Stored data entries
=== Section Start ===

lemma addable_right_iff:
  assumes "j \<le> a - 1"
  shows "addable (2*a + j) \<longleftrightarrow> (if j = 0 then q = 0 else j = r + 1 \<and> 1 \<le> q)"
proof -
  have fence: "2*a + j \<in> fence a" using mem_fenceI assms a_ge_2 by auto
  consider "j = 0" | "j = 1" | "2 \<le> j" by linarith
  then show ?thesis
  proof cases
    case 1
    then show ?thesis unfolding addable_iff using mem_valley_iff fence a_ge_2 by auto
  next
    case 2
    then show ?thesis
      unfolding addable_iff using mem_right_iff[of 1] mem_valley_iff fence right_imp_valley a_ge_2
      by auto
  next
    case 3
    then have "2*a + j - 1 \<in> I \<longleftrightarrow> j - 1 \<le> r" using mem_right_iff[of "j - 1"] by auto
    then show ?thesis
      unfolding addable_iff using 3 mem_right_iff[of j] fence right_imp_valley assms by auto
  qed
qed

lemma removable_right_iff:
  assumes "j \<le> a - 1"
  shows "removable (2*a + j) \<longleftrightarrow> j = r \<and> (j = 0 \<longrightarrow> q = 1)"
proof (cases "j = 0")
  case True
  have "2*a - 1 \<in> I \<longleftrightarrow> 2 \<le> q" using mem_middle_iff[of 2] a_ge_2 by auto
  then show ?thesis
    unfolding removable_iff using True mem_valley_iff mem_right_iff[of 1] a_ge_2 by auto
next
  case False
  have "2*a + j < 3*a - 1 \<or> j = a - 1" using assms a_ge_2 by auto
  then show ?thesis
    unfolding removable_iff using False mem_right_iff[of j] mem_right_iff[of "j + 1"] r_le
    by auto
qed

lemma tog_eq: "tog a A I = (if \<forall>x\<in>A. addable x then 1 else if \<forall>x\<in>A. removable x then -1 else 0)"
  unfolding tog_def by (simp add: subset_iff)

lemma chi_peak: "chi a a I = (if b then 1 else 0)"
  using removable_peak_iff unfolding chi_def by simp

lemma chi_valley: "chi a (2*a) I = (if q = 1 \<and> r = 0 then 1 else 0)"
  using removable_right_iff[of 0] unfolding chi_def by simp

lemma tog_valley: "tog a {2*a} I = (if q = 0 then 1 else if q = 1 \<and> r = 0 then -1 else 0)"
  using addable_right_iff[of 0] removable_right_iff[of 0] by (simp add: tog_eq)

lemma sum_left_singletons:
  "(\<Sum>i=1..a. - int i * tog a {i} I) =
     (if p + 1 \<in> {1..a-1} then - int (p + 1) else 0) + (if p \<in> {1..a-1} then (if b then 0 else int p) else 0)
     + (if \<not> b \<and> p = a - 1 \<and> q = a then - int a else 0) + (if b then int a else 0)"
proof -
  have "{1..a} = insert a {1..a-1}" using a_ge_2 by auto
  then have "(\<Sum>i=1..a. - int i * tog a {i} I) =
      - int a * tog a {a} I + (\<Sum>i=1..a-1. - int i * tog a {i} I)"
    by (simp only:) (rule sum.insert, auto)
  moreover have "- int a * tog a {a} I =
      (if \<not> b \<and> p = a - 1 \<and> q = a then - int a else 0) + (if b then int a else 0)"
    by (auto simp: tog_eq addable_peak_iff removable_peak_iff)
  moreover have "(\<Sum>i=1..a-1. - int i * tog a {i} I) =
      (if p + 1 \<in> {1..a-1} then - int (p + 1) else 0) + (if p \<in> {1..a-1} then (if b then 0 else int p) else 0)"
    by (rule sum_two_point_supported) (auto simp: tog_eq addable_left_iff removable_left_iff)
  ultimately show ?thesis by simp
qed

lemma sum_right_singletons:
  "(\<Sum>i=1..a-1. - int i * tog a {3*a - i} I) =
     (if a - r - 1 \<in> {1..a-1} then (if 1 \<le> q then - int (a - r - 1) else 0) else 0)
     + (if a - r \<in> {1..a-1} then int (a - r) else 0)"
proof (rule sum_two_point_supported)
  fix i assume i: "i \<in> {1..a-1}"
  then have "3*a - i = 2*a + (a - i)" "a - i \<le> a - 1" "a - i \<noteq> 0"
    "a - i = r + 1 \<longleftrightarrow> i = a - r - 1" "a - i = r \<longleftrightarrow> i = a - r"
    using r_le by auto
  then show "- int i * tog a {3*a - i} I =
      (if i = a - r - 1 then (if 1 \<le> q then - int (a - r - 1) else 0) else 0)
      + (if i = a - r then int (a - r) else 0)"
    using addable_right_iff[of "a - i"] removable_right_iff[of "a - i"] by (auto simp: tog_eq)
qed simp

=== Section End ===

§ **Work request**:
For each line of the data that includes the word "proof", return a copy of it.

§ **Written response**:
proof -
  proof cases
proof (cases "j = 0")
proof -
proof (rule sum_two_point_supported)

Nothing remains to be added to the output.